[Dataset entries]

----------------------------------------

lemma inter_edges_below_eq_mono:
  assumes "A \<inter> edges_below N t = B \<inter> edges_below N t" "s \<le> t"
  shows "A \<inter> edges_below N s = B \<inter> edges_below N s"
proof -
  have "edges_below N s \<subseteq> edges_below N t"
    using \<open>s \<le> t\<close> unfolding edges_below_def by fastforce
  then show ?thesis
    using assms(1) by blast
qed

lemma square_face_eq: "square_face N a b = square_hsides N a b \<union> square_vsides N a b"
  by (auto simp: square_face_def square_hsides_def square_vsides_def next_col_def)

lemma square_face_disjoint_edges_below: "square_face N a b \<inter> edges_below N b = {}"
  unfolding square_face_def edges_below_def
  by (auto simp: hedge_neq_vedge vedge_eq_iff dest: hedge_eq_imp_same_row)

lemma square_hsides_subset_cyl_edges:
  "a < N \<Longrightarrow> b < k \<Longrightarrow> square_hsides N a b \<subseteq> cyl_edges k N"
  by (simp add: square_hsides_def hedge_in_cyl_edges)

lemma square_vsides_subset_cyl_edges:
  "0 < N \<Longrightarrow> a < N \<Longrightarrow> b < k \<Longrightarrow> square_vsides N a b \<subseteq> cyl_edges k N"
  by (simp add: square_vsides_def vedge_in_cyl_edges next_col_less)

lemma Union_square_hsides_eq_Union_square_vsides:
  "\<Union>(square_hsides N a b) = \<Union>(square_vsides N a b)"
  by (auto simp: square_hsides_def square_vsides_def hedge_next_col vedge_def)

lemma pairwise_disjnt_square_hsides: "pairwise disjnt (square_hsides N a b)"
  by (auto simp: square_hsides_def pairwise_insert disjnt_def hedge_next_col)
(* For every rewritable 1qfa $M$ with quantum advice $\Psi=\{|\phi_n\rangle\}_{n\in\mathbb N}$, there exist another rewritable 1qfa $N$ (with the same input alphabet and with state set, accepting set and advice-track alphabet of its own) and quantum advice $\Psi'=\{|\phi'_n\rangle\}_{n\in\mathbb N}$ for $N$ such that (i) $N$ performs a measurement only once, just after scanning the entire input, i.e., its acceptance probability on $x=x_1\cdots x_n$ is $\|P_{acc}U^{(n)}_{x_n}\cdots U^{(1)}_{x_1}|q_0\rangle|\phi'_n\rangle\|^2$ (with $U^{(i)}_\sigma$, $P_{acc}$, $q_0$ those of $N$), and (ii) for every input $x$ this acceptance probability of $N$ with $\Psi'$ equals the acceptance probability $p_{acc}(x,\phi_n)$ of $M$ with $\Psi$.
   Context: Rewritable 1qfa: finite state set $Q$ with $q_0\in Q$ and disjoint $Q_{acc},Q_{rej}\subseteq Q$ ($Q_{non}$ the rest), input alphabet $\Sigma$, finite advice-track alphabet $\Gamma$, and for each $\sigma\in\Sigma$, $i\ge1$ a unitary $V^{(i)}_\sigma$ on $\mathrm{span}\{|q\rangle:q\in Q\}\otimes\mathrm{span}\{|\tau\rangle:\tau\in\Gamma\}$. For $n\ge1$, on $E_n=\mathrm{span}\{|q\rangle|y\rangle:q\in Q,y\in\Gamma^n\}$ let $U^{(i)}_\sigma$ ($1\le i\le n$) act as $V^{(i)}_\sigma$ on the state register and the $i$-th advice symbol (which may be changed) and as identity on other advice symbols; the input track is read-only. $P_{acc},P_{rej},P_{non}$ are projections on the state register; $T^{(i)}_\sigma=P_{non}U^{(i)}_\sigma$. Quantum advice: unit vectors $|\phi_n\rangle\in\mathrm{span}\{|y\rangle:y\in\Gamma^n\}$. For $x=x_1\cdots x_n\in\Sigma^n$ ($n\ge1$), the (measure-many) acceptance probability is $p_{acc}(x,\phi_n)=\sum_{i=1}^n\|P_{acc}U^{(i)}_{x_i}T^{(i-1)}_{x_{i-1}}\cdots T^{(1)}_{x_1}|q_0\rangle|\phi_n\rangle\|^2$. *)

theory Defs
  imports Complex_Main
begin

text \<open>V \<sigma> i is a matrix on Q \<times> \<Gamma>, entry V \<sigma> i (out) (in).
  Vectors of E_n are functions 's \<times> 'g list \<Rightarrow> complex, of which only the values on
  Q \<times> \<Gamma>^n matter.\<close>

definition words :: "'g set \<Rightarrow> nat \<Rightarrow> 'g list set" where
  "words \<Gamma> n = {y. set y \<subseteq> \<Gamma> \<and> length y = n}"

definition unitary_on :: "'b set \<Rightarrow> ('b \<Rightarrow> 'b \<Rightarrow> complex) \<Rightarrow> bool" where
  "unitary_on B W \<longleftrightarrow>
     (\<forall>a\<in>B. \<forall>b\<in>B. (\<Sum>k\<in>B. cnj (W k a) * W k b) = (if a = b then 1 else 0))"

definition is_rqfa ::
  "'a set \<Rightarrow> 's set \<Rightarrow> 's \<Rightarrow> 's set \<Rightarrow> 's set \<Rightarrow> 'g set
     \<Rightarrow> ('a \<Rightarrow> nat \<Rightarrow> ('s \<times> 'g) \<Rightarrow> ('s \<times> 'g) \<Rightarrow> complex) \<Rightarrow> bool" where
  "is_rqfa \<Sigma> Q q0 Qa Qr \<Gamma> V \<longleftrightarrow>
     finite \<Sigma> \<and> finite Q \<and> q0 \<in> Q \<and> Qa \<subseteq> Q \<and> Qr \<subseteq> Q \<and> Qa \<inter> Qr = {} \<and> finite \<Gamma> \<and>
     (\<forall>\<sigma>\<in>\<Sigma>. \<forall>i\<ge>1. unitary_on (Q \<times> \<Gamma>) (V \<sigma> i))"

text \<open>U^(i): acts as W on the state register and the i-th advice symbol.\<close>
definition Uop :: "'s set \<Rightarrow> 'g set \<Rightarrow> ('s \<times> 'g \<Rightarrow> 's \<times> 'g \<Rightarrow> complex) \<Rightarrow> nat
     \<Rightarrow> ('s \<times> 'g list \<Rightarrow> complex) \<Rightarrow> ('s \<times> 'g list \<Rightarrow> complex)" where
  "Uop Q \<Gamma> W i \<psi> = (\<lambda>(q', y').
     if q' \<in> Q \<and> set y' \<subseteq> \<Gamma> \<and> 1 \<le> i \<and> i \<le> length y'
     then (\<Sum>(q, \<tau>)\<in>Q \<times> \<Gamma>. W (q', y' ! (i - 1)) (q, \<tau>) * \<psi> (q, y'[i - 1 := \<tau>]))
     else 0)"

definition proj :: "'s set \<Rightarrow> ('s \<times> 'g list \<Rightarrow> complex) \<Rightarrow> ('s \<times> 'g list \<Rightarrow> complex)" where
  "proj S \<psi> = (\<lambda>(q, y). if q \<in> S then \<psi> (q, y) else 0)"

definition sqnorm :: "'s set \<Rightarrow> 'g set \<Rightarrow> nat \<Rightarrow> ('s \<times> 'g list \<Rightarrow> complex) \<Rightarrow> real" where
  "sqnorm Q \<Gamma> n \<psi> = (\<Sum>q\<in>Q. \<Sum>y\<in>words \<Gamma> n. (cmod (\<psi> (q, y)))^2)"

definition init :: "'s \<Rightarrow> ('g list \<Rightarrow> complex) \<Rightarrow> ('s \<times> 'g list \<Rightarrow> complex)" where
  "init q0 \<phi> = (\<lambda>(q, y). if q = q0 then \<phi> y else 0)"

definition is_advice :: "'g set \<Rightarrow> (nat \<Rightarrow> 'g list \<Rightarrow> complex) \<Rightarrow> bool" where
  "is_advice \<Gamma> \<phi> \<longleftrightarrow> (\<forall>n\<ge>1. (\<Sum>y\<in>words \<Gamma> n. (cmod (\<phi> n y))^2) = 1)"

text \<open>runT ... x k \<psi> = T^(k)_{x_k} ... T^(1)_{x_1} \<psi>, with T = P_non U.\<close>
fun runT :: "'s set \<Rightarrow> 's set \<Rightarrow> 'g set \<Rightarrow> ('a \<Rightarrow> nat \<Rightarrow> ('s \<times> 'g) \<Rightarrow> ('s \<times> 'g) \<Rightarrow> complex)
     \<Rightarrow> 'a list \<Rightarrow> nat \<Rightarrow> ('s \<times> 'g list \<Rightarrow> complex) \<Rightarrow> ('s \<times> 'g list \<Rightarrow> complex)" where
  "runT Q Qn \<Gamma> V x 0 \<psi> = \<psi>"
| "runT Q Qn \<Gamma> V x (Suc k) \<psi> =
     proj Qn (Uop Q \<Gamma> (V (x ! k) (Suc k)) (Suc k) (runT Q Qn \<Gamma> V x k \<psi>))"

----------------------------------------

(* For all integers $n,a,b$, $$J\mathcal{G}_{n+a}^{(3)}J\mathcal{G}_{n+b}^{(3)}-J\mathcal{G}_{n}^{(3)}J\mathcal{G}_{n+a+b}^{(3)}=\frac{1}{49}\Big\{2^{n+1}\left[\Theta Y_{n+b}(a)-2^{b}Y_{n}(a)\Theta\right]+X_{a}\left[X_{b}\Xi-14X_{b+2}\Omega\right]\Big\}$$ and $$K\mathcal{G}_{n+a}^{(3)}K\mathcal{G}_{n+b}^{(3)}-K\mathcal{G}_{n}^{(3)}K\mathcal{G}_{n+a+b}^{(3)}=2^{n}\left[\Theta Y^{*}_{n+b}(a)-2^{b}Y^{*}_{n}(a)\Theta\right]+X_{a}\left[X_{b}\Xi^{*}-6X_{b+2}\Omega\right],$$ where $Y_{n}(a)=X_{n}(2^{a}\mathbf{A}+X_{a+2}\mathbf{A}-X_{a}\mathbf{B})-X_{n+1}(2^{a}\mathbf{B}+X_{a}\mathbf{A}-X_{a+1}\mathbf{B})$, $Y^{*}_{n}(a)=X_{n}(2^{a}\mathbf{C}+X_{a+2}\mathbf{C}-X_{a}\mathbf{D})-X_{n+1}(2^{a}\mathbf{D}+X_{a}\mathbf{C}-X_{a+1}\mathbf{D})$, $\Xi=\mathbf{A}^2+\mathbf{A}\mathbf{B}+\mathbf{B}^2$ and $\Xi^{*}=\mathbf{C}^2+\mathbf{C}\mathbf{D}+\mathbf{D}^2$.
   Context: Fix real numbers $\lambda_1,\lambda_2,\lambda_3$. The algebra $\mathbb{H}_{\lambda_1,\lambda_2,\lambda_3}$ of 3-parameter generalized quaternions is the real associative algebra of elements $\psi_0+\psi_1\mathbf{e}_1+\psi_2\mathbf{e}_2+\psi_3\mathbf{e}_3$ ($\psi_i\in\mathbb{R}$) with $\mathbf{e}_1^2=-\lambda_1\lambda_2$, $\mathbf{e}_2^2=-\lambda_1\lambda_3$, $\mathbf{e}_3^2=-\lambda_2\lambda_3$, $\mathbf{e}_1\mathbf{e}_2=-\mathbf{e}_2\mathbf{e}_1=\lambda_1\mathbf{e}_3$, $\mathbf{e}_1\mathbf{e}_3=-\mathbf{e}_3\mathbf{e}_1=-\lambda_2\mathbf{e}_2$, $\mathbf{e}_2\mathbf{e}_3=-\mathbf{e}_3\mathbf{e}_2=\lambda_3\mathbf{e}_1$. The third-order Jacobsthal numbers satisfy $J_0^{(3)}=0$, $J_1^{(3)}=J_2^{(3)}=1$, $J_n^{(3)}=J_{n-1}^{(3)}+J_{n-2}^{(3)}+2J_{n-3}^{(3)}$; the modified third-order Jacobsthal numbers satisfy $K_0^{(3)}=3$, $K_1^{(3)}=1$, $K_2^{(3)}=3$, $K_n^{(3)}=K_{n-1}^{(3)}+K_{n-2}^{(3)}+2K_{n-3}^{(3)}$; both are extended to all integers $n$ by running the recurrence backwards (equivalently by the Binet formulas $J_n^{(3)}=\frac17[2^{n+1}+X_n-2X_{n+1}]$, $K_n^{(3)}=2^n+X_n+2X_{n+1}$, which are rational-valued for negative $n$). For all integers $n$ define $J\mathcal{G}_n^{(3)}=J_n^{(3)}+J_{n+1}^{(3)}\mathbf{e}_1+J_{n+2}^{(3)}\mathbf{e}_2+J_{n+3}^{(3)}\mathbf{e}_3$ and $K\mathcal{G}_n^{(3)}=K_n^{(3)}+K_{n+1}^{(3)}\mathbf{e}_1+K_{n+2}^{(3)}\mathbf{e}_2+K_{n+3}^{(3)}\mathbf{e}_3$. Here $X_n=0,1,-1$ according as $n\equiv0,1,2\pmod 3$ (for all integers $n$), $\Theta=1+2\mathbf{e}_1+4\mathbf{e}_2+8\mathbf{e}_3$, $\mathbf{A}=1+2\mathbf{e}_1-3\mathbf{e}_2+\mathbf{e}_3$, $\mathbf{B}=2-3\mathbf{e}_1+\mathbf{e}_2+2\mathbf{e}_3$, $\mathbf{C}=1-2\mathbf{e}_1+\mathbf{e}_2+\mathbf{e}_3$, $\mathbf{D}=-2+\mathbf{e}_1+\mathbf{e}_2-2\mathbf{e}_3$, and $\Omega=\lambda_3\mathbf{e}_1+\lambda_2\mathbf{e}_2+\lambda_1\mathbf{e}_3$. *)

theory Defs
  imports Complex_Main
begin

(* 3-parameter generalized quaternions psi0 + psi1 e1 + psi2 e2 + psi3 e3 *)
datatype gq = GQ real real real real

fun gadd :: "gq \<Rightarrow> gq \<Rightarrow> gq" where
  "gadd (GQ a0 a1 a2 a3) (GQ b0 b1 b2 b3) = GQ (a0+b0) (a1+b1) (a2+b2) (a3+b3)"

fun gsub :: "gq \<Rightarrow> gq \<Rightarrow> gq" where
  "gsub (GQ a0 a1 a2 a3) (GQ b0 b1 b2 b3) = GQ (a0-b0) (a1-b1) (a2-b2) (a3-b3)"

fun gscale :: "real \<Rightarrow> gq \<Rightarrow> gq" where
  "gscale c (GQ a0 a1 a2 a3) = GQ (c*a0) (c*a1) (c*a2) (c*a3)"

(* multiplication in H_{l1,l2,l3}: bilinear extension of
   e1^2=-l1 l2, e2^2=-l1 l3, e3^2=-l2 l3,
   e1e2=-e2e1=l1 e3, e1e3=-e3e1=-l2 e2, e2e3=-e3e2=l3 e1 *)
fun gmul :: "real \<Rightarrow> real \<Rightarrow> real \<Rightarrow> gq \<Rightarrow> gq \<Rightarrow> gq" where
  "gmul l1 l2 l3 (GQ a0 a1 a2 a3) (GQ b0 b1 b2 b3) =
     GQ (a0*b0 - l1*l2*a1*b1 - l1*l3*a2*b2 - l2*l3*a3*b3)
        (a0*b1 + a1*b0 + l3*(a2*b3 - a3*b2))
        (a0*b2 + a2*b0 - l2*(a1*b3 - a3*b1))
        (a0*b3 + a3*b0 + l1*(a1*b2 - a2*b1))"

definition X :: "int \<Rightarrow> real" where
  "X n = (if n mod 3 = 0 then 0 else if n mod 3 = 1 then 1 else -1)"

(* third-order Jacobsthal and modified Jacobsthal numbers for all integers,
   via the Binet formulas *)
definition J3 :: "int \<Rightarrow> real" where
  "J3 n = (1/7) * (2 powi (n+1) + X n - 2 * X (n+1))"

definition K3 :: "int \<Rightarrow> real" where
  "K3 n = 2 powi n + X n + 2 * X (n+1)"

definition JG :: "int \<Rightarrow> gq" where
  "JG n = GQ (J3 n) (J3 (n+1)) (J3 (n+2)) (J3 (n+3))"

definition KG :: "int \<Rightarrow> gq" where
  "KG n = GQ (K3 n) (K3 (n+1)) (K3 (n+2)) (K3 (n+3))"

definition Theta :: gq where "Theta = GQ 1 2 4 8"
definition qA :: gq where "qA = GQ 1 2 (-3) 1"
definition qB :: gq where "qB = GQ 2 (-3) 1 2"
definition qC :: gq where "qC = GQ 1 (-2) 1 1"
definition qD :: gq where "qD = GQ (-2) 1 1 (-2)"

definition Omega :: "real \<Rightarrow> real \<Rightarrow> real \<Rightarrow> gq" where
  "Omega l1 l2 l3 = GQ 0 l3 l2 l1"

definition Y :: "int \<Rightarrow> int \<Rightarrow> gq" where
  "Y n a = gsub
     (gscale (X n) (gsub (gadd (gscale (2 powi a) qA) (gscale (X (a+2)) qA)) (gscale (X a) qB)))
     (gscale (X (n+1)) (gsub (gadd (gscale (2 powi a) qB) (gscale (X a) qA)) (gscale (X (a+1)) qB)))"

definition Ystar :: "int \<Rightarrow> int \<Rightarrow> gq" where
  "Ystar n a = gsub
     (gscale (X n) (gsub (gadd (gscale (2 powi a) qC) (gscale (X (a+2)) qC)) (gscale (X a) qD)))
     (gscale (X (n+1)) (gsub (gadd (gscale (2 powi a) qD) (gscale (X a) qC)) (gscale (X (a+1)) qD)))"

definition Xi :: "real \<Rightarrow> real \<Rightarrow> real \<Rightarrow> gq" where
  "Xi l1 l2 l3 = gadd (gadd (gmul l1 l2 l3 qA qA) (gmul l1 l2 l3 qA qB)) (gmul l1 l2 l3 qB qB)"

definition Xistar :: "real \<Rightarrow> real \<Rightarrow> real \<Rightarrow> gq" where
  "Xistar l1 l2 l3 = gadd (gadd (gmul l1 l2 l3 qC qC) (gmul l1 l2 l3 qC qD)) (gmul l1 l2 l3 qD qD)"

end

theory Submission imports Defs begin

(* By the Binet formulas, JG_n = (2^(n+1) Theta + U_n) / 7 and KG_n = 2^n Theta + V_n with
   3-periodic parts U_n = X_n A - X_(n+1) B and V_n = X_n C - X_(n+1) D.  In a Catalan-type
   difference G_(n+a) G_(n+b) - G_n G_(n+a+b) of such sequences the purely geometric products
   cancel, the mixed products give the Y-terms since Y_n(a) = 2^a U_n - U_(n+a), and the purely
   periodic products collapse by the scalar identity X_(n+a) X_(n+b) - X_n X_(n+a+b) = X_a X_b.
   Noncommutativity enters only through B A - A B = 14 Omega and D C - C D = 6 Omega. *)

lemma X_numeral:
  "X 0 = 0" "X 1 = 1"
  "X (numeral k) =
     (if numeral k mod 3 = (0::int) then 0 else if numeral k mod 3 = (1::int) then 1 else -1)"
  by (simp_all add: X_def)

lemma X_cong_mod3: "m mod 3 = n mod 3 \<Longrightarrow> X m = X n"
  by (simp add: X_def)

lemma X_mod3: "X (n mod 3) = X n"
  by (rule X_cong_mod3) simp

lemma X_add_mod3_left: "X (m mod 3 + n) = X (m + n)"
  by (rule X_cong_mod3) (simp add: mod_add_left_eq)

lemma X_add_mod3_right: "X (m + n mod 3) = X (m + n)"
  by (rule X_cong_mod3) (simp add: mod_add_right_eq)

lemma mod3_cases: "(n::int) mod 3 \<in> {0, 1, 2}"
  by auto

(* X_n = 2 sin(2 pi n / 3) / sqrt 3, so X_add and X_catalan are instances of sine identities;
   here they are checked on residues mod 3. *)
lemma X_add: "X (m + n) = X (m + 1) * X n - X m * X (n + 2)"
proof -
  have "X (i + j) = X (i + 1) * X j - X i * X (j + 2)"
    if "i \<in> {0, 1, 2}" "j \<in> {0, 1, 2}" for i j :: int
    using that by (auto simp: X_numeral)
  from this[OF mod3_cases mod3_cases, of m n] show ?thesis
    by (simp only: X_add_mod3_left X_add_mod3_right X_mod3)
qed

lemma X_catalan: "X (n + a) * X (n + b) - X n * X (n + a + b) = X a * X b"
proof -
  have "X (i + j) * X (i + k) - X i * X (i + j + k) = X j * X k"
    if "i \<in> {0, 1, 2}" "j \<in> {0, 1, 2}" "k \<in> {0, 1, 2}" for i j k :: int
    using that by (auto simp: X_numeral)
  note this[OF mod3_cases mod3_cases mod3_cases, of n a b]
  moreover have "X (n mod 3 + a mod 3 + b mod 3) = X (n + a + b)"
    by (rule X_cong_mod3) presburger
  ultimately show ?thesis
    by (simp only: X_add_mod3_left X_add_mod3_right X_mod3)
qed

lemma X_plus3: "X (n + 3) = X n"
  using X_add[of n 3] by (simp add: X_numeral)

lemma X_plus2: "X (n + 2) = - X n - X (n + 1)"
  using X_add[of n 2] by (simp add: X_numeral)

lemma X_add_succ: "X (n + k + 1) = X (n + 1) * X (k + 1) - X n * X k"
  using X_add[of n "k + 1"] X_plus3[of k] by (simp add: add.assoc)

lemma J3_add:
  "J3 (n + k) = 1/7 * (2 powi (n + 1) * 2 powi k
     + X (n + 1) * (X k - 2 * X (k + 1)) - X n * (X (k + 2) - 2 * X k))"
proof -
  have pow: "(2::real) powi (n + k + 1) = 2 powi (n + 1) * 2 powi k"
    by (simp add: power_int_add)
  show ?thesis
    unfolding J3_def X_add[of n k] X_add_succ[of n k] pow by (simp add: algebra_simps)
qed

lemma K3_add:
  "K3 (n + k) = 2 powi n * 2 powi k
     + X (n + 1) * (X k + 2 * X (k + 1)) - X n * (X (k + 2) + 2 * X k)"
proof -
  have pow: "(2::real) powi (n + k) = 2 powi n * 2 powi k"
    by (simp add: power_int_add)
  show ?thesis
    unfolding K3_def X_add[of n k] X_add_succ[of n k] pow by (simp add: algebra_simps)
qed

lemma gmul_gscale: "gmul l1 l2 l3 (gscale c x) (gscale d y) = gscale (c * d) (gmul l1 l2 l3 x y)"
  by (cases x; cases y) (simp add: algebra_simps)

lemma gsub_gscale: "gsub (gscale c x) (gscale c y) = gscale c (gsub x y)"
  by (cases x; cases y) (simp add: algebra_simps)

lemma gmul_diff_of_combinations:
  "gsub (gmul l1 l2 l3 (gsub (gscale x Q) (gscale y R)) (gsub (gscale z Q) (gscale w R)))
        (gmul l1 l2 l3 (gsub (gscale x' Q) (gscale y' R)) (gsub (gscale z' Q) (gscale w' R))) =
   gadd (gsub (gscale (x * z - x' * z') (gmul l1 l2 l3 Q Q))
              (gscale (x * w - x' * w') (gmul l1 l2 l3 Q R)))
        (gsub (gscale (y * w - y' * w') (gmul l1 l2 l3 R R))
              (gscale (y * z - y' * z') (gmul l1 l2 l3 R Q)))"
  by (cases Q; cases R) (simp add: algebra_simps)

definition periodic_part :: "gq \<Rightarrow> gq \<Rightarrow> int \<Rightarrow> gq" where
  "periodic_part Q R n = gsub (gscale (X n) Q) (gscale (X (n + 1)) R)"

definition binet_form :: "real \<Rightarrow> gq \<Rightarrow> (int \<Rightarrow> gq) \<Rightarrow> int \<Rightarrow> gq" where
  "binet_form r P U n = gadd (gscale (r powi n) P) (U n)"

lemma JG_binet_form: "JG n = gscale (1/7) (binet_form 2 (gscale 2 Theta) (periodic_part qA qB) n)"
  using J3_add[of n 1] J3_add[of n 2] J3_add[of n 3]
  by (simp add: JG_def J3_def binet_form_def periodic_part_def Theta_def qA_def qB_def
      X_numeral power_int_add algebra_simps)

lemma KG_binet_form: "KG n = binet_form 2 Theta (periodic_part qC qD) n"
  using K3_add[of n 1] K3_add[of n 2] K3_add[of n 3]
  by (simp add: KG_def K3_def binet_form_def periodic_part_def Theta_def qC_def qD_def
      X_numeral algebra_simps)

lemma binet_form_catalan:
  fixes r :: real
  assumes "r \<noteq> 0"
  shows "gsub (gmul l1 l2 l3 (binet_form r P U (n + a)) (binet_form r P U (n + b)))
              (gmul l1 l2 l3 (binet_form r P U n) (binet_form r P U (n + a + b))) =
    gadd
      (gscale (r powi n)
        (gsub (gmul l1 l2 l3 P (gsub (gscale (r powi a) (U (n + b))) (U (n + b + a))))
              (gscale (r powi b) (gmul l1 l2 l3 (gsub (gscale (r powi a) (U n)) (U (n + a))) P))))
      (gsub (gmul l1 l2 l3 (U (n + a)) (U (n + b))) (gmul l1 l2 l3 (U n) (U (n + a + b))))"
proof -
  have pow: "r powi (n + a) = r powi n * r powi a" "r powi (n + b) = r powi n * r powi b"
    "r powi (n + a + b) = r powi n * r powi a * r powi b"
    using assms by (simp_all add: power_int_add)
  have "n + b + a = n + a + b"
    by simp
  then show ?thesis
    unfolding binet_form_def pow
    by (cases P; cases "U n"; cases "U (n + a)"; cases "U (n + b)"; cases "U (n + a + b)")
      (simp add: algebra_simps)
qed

----------------------------------------

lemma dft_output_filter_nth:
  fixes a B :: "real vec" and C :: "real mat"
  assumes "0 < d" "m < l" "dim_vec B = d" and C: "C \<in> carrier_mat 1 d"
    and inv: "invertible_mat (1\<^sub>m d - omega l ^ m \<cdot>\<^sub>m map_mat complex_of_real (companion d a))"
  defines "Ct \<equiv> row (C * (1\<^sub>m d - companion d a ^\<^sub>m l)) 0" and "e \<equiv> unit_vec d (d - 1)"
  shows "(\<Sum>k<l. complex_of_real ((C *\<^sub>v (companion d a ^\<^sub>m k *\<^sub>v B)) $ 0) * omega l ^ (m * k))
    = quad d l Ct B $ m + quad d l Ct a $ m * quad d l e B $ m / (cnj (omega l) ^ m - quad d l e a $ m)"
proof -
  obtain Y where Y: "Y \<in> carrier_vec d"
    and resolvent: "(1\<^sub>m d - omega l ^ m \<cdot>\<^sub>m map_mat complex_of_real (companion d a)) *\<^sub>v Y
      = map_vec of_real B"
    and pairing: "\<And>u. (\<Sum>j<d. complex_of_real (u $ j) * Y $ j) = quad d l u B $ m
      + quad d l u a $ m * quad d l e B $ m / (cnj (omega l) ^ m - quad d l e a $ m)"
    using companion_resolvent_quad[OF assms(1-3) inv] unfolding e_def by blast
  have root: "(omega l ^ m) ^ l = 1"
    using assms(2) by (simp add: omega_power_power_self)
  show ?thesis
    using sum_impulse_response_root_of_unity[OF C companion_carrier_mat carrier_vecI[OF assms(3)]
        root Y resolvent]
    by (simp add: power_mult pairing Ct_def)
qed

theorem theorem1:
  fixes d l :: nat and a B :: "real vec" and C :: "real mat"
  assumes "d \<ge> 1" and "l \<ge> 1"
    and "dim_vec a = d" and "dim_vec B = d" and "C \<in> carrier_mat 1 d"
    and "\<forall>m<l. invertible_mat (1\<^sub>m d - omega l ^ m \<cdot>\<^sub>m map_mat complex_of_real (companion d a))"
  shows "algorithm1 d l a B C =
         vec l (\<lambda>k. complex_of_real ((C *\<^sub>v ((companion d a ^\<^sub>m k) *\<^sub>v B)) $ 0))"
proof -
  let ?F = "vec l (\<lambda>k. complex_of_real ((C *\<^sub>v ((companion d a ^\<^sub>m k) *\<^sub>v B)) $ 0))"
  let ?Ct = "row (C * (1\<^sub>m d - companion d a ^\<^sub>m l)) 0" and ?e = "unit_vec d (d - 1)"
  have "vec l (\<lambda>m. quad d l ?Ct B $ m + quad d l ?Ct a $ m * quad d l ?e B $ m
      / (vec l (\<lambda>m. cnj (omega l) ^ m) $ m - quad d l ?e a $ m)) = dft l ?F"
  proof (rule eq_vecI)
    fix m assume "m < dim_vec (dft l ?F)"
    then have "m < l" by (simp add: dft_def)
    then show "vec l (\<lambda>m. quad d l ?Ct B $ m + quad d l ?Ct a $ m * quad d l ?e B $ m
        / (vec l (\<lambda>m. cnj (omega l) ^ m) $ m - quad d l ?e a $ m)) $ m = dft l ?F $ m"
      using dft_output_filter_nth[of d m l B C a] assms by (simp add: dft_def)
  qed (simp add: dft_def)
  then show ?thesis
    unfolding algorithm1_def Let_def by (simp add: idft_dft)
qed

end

----------------------------------------

--- PROBLEM DESCRIPTION ---
Which lines above contain "open"? Show each of them.

--- TASK ANSWER ---
    using \<open>s \<le> t\<close> unfolding edges_below_def by fastforce
text \<open>V \<sigma> i is a matrix on Q \<times> \<Gamma>, entry V \<sigma> i (out) (in).
text \<open>U^(i): acts as W on the state register and the i-th advice symbol.\<close>
text \<open>runT ... x k \<psi> = T^(k)_{x_k} ... T^(1)_{x_1} \<psi>, with T = P_non U.\<close>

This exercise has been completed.